(Stored items)
↓↓↓

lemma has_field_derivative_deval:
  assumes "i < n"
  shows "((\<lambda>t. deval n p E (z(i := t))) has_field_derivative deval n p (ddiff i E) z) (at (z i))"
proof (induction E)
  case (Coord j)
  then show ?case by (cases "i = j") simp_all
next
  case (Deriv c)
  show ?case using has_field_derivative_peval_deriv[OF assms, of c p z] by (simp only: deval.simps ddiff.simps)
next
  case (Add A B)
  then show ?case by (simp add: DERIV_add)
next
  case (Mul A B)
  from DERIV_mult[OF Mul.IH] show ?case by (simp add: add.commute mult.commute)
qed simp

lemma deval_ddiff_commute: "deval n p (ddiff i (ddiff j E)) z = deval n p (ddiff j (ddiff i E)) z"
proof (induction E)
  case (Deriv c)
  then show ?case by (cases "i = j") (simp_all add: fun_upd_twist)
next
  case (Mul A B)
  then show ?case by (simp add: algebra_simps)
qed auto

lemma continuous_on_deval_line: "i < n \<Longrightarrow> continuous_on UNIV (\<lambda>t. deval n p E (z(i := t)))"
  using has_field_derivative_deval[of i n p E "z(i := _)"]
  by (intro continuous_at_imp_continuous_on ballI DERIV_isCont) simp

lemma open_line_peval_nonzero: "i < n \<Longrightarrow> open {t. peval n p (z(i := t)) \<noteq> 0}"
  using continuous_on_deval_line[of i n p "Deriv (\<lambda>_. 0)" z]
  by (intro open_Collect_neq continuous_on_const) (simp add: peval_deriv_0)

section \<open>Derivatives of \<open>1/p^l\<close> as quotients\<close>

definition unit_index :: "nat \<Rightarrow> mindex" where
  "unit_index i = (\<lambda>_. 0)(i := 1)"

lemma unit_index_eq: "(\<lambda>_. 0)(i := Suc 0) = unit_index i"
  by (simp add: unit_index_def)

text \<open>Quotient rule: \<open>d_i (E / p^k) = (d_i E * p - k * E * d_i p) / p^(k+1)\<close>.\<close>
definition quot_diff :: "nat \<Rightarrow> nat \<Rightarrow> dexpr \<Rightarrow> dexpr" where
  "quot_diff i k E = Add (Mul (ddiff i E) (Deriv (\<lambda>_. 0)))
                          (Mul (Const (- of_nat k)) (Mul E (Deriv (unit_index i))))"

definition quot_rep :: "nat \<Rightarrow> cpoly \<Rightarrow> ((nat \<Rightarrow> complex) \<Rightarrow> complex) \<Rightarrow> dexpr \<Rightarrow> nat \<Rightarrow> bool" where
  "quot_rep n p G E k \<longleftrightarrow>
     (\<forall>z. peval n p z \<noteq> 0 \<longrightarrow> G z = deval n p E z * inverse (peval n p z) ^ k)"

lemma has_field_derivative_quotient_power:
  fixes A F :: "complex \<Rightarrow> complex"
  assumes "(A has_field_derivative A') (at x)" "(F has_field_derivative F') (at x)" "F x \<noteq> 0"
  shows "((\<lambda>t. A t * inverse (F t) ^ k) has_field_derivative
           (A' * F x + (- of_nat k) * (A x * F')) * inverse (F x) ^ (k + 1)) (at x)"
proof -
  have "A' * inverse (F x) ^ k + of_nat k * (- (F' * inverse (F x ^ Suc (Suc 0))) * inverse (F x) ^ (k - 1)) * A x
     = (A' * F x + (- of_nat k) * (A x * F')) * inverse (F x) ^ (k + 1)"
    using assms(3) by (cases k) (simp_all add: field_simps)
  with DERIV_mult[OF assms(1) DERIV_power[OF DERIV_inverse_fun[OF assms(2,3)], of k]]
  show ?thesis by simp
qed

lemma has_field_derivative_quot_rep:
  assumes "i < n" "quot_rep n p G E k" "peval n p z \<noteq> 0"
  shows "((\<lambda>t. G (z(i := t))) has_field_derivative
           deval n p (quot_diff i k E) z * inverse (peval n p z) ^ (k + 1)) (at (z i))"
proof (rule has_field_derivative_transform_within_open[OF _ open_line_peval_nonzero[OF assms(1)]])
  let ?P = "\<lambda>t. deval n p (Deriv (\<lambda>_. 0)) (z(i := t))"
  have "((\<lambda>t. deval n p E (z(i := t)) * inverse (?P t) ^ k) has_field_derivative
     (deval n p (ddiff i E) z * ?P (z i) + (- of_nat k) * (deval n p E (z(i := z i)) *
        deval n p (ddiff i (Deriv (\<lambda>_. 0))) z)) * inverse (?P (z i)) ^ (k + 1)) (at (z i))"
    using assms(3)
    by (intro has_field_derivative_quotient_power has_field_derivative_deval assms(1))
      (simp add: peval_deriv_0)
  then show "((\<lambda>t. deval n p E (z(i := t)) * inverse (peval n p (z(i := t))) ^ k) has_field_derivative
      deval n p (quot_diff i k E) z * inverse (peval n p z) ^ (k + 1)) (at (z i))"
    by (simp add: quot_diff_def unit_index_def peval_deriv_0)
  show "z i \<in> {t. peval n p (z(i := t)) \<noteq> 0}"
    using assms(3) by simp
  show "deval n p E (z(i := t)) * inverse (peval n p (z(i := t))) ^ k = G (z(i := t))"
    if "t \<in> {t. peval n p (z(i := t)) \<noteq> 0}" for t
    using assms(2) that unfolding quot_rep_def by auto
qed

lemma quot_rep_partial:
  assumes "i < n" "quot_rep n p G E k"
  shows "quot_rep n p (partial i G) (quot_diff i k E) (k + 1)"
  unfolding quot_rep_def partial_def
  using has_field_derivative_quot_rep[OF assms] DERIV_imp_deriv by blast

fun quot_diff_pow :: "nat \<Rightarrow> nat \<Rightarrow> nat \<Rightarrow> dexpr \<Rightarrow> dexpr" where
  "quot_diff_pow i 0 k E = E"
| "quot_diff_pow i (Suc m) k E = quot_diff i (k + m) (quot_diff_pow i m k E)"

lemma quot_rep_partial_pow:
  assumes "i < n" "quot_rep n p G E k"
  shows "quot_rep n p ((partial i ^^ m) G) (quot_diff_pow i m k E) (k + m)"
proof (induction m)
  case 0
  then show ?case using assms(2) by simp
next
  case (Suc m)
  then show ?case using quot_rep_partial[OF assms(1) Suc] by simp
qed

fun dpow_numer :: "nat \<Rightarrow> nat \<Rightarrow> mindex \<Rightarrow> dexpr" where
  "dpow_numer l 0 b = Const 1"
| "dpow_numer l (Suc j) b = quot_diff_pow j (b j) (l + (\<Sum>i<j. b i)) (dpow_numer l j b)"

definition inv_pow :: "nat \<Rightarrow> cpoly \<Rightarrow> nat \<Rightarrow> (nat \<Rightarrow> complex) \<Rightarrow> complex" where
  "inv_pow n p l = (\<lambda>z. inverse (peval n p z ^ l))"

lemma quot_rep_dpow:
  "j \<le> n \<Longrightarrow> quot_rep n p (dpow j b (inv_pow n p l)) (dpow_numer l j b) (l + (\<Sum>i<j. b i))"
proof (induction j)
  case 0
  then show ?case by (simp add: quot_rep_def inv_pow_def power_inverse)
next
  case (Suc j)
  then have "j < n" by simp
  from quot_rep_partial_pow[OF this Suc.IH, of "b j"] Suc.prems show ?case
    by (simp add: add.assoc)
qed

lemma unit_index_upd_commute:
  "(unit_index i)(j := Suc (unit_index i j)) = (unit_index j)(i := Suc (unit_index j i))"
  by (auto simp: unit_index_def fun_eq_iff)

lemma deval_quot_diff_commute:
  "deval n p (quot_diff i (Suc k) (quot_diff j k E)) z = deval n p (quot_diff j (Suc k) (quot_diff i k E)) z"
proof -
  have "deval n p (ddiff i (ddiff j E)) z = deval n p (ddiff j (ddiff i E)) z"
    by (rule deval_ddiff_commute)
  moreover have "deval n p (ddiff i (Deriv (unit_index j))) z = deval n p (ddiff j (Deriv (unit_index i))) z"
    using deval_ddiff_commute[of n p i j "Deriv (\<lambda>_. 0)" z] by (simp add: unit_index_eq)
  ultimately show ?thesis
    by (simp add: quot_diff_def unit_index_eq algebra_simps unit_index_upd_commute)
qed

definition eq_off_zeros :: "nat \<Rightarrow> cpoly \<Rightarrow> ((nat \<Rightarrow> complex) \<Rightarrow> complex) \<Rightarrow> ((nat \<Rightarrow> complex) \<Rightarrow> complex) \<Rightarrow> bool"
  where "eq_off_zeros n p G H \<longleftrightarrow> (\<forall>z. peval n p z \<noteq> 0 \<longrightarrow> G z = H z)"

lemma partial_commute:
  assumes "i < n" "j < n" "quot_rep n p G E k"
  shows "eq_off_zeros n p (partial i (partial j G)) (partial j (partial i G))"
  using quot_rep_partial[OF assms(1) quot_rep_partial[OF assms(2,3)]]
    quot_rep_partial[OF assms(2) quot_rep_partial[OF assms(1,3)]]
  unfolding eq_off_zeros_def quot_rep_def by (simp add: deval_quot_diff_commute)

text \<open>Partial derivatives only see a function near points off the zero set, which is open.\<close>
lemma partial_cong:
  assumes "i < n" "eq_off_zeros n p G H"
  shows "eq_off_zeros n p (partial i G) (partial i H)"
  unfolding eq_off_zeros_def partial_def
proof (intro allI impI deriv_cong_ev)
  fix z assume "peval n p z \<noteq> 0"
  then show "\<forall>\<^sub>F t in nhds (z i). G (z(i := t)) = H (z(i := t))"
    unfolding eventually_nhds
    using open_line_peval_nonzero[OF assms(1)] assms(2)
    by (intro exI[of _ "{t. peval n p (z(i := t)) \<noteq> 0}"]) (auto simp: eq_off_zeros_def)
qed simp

↑↑↑
↓↓↓

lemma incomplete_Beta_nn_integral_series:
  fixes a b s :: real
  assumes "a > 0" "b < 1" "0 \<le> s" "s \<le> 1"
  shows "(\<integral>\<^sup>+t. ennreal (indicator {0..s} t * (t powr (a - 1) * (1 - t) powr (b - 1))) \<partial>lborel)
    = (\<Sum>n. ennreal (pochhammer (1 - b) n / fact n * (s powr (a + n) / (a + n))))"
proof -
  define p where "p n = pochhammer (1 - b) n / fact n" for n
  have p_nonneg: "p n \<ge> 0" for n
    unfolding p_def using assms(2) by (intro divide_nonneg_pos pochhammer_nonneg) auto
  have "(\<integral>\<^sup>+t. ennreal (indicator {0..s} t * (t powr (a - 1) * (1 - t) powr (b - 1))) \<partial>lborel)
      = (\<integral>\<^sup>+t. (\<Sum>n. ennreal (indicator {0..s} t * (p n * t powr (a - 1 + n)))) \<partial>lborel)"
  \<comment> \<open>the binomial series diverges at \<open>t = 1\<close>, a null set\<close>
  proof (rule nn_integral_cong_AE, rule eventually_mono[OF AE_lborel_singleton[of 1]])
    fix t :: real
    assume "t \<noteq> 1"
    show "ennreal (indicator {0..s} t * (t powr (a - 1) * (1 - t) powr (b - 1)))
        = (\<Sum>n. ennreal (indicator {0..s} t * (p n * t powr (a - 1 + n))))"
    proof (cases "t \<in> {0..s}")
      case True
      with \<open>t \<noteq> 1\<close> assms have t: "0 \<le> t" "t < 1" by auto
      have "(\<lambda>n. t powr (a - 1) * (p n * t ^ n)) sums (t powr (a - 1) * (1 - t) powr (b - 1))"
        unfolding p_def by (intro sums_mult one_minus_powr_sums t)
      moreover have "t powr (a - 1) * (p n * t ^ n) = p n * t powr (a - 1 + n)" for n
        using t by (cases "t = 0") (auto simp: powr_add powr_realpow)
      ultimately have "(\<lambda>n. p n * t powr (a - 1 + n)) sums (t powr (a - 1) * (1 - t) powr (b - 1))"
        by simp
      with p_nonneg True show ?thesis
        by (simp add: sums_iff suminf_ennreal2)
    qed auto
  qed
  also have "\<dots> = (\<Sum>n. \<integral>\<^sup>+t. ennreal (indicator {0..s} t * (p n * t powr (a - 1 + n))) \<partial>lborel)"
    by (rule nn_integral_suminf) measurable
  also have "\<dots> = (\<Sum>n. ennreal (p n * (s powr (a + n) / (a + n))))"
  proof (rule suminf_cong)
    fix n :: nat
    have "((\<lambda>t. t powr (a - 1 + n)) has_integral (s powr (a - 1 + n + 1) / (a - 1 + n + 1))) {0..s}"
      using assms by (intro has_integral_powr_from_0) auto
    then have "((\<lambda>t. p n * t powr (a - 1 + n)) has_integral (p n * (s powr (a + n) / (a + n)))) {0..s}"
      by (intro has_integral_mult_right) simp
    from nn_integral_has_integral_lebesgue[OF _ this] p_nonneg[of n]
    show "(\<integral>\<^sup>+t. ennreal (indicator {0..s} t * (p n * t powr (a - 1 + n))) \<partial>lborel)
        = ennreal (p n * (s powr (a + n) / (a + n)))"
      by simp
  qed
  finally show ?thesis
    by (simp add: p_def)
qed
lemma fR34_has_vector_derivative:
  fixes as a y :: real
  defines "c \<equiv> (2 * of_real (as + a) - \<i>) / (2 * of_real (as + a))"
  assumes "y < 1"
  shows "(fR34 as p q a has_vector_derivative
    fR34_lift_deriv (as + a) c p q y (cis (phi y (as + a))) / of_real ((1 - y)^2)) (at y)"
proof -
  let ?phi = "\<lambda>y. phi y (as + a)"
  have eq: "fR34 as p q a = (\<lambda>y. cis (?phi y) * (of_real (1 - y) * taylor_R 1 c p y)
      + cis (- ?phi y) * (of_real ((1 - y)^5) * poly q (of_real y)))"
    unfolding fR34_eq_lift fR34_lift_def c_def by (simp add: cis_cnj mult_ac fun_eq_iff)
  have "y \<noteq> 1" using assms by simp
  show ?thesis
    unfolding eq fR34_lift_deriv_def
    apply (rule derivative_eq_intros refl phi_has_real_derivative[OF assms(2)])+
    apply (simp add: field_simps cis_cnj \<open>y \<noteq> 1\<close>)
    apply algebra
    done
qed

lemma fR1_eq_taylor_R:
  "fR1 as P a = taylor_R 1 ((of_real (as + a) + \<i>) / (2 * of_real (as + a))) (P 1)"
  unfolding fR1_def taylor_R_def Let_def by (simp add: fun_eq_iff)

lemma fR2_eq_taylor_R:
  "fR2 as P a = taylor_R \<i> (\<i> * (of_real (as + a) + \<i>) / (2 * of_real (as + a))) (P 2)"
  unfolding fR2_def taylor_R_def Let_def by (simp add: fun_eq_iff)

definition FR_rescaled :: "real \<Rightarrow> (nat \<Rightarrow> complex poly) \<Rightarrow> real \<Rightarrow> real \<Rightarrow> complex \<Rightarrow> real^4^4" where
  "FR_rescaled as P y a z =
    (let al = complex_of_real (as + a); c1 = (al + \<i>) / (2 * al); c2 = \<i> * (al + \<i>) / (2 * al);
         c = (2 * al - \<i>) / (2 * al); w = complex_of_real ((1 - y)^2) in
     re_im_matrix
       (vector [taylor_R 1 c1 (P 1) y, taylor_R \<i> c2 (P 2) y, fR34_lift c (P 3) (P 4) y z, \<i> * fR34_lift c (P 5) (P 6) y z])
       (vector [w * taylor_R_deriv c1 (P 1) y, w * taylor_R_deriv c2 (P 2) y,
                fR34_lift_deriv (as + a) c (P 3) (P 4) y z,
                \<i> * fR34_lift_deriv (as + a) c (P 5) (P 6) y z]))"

↑↑↑

Search the records above for "apply". Copy each line where it is found.

■ **Answer box**:
    apply (rule derivative_eq_intros refl phi_has_real_derivative[OF assms(2)])+
    apply (simp add: field_simps cis_cnj \<open>y \<noteq> 1\<close>)
    apply algebra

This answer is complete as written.